The objectives of this research project are to: (1) investigate which particulate matter (PM) component(s) and PM mechanisms affect asthmatics most strongly; and (2) follow prospectively a cohort of asthmatics and evaluate PM effects on their health status.

Progress Summary:

An initial group of 12 Bellevue Hospital Primary Care Asthma Clinic mild-moderate asthmatic subjects were recruited into the study and followed during the summer of 1999. It was found that the prior day’s PM10 and PM2.5 mass concentration was negatively associated with peak expiratory flow rate (PEFR).
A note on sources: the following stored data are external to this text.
(* Let $\mathbb{F}$ be a field and let $(\mathscr{P},\mathscr{B},\mathrm{I})$ be the affine plane over $\mathbb{F}$: $\mathscr{P}=\mathbb{F}\times\mathbb{F}$; the lines are the vertical lines $L_b$ ($b\in\mathbb{F}$) and the non-vertical lines $L_{m,b}$ ($m,b\in\mathbb{F}$); and the incidence is given by $(b,y)\ \mathrm{I}\ L_b$ for all $y\in\mathbb{F}$ and $(x,mx+b)\ \mathrm{I}\ L_{m,b}$ for all $x\in\mathbb{F}$. Let $\Gamma$ be its incidence graph, take the gain group to be $(\mathbb{F},+)$ acting on $\Lambda=\mathbb{F}$ by addition, and define the gain function $\varphi$ on edges by $$\varphi(e)=\begin{cases}-by, & \text{if } e=\{L_b,(b,y)\},\\ xb, & \text{if } e=\{L_{m,b},(x,mx+b)\}.\end{cases}$$ Then $\mathfrak{M}(\Gamma,\varphi)$ is a generalized quadrangle.
   Context: An incidence structure is a triple $(\mathscr{P},\mathscr{B},\mathrm{I})$ where $\mathscr{P}$ (points) and $\mathscr{B}$ (lines) are nonempty disjoint sets and $\mathrm{I}\subseteq\mathscr{P}\times\mathscr{B}$ is a nonempty incidence relation; write $p\ \mathrm{I}\ b$ or $b\ \mathrm{I}\ p$ when $(p,b)\in\mathrm{I}$. Its incidence graph $\Gamma$ is the bipartite graph with vertex set $\mathscr{P}\cup\mathscr{B}$ and an edge $bp$ for each incident pair $b\ \mathrm{I}\ p$; every edge is oriented from its line to its point. A gain function with gain group $G$ assigns to each edge $e$ an element $\varphi(e)\in G$ (extended to a homomorphism on the free group on the edges, so $\varphi(e^{-1})=\varphi(e)^{-1}$). The gain group acts on a nonempty set $\Lambda$ on the left. Construction $\mathfrak{M}(\Gamma,\varphi)$: the incidence structure $(\mathscr{P}',\mathscr{B}',\mathrm{I}')$ whose points are the formal symbols $x_p$ ($p\in\mathscr{P}$) and $y_{b,\lambda}$ ($b\in\mathscr{B},\lambda\in\Lambda$), whose lines are the formal symbols $z_{p,\lambda}$ ($p\in\mathscr{P},\lambda\in\Lambda$), and whose incidences are exactly: $x_p\ \mathrm{I}'\ z_{p,\lambda}$ for all $\lambda$, and $y_{b,\lambda}\ \mathrm{I}'\ z_{p,\mu}$ whenever $b\ \mathrm{I}\ p$ and $\mu=\varphi(bp)\cdot\lambda$. A $k$-chain is a sequence $(u_0,\dots,u_k)$ of elements of $\mathscr{P}\cup\mathscr{B}$ with $u_i$ incident with $u_{i-1}$ for $1\le i\le k$; the distance $d(u,v)$ is the least $k$ such that a $k$-chain from $u$ to $v$ exists ($\infty$ if none). A generalized quadrangle is an incidence structure such that (1) $d(u,v)\le 4$ for all elements $u,v$, and (2) whenever $d(u,v)=k<4$ there is a unique $k$-chain from $u$ to $v$. *)

theory Defs
  imports "HOL-Library.Extended_Nat"
begin

definition is_incidence_structure :: "'p set \<Rightarrow> 'l set \<Rightarrow> ('p \<Rightarrow> 'l \<Rightarrow> bool) \<Rightarrow> bool" where
  "is_incidence_structure P B I \<longleftrightarrow> P \<noteq> {} \<and> B \<noteq> {} \<and>
     (\<exists>p b. I p b) \<and> (\<forall>p b. I p b \<longrightarrow> p \<in> P \<and> b \<in> B)"

definition elems :: "'p set \<Rightarrow> 'l set \<Rightarrow> ('p + 'l) set" where
  "elems P B = Inl ` P \<union> Inr ` B"

fun incid :: "('p \<Rightarrow> 'l \<Rightarrow> bool) \<Rightarrow> ('p + 'l) \<Rightarrow> ('p + 'l) \<Rightarrow> bool" where
  "incid I (Inl p) (Inr b) = I p b"
| "incid I (Inr b) (Inl p) = I p b"
| "incid I _ _ = False"

definition is_chain :: "'p set \<Rightarrow> 'l set \<Rightarrow> ('p \<Rightarrow> 'l \<Rightarrow> bool) \<Rightarrow> nat \<Rightarrow>
    ('p + 'l) \<Rightarrow> ('p + 'l) \<Rightarrow> ('p + 'l) list \<Rightarrow> bool" where
  "is_chain P B I k u v us \<longleftrightarrow> length us = Suc k \<and> us ! 0 = u \<and> us ! k = v \<and>
     set us \<subseteq> elems P B \<and> (\<forall>i. 1 \<le> i \<and> i \<le> k \<longrightarrow> incid I (us ! i) (us ! (i - 1)))"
Reported decrements were 3.7 percent per 50 μg/m3 PM10 increase and 2.3 percent per 40 μg/m3 PM2.5 increase. Followup analyses have found that ozone exposure also is associated with PEFR decrements, and we are investigating the relative roles of these copollutants on the reported acute air pollution exposure lung function effects.

Throughout the summer, fall, and winter of 1999, we successfully developed a sputum induction procedure based on the U.S. Environmental Protection Agency’s (EPA) methods. We sent a research associate to learn the sputum induction procedure, and we have now implemented this sputum induction capability into our Center resources for this and other funded studies.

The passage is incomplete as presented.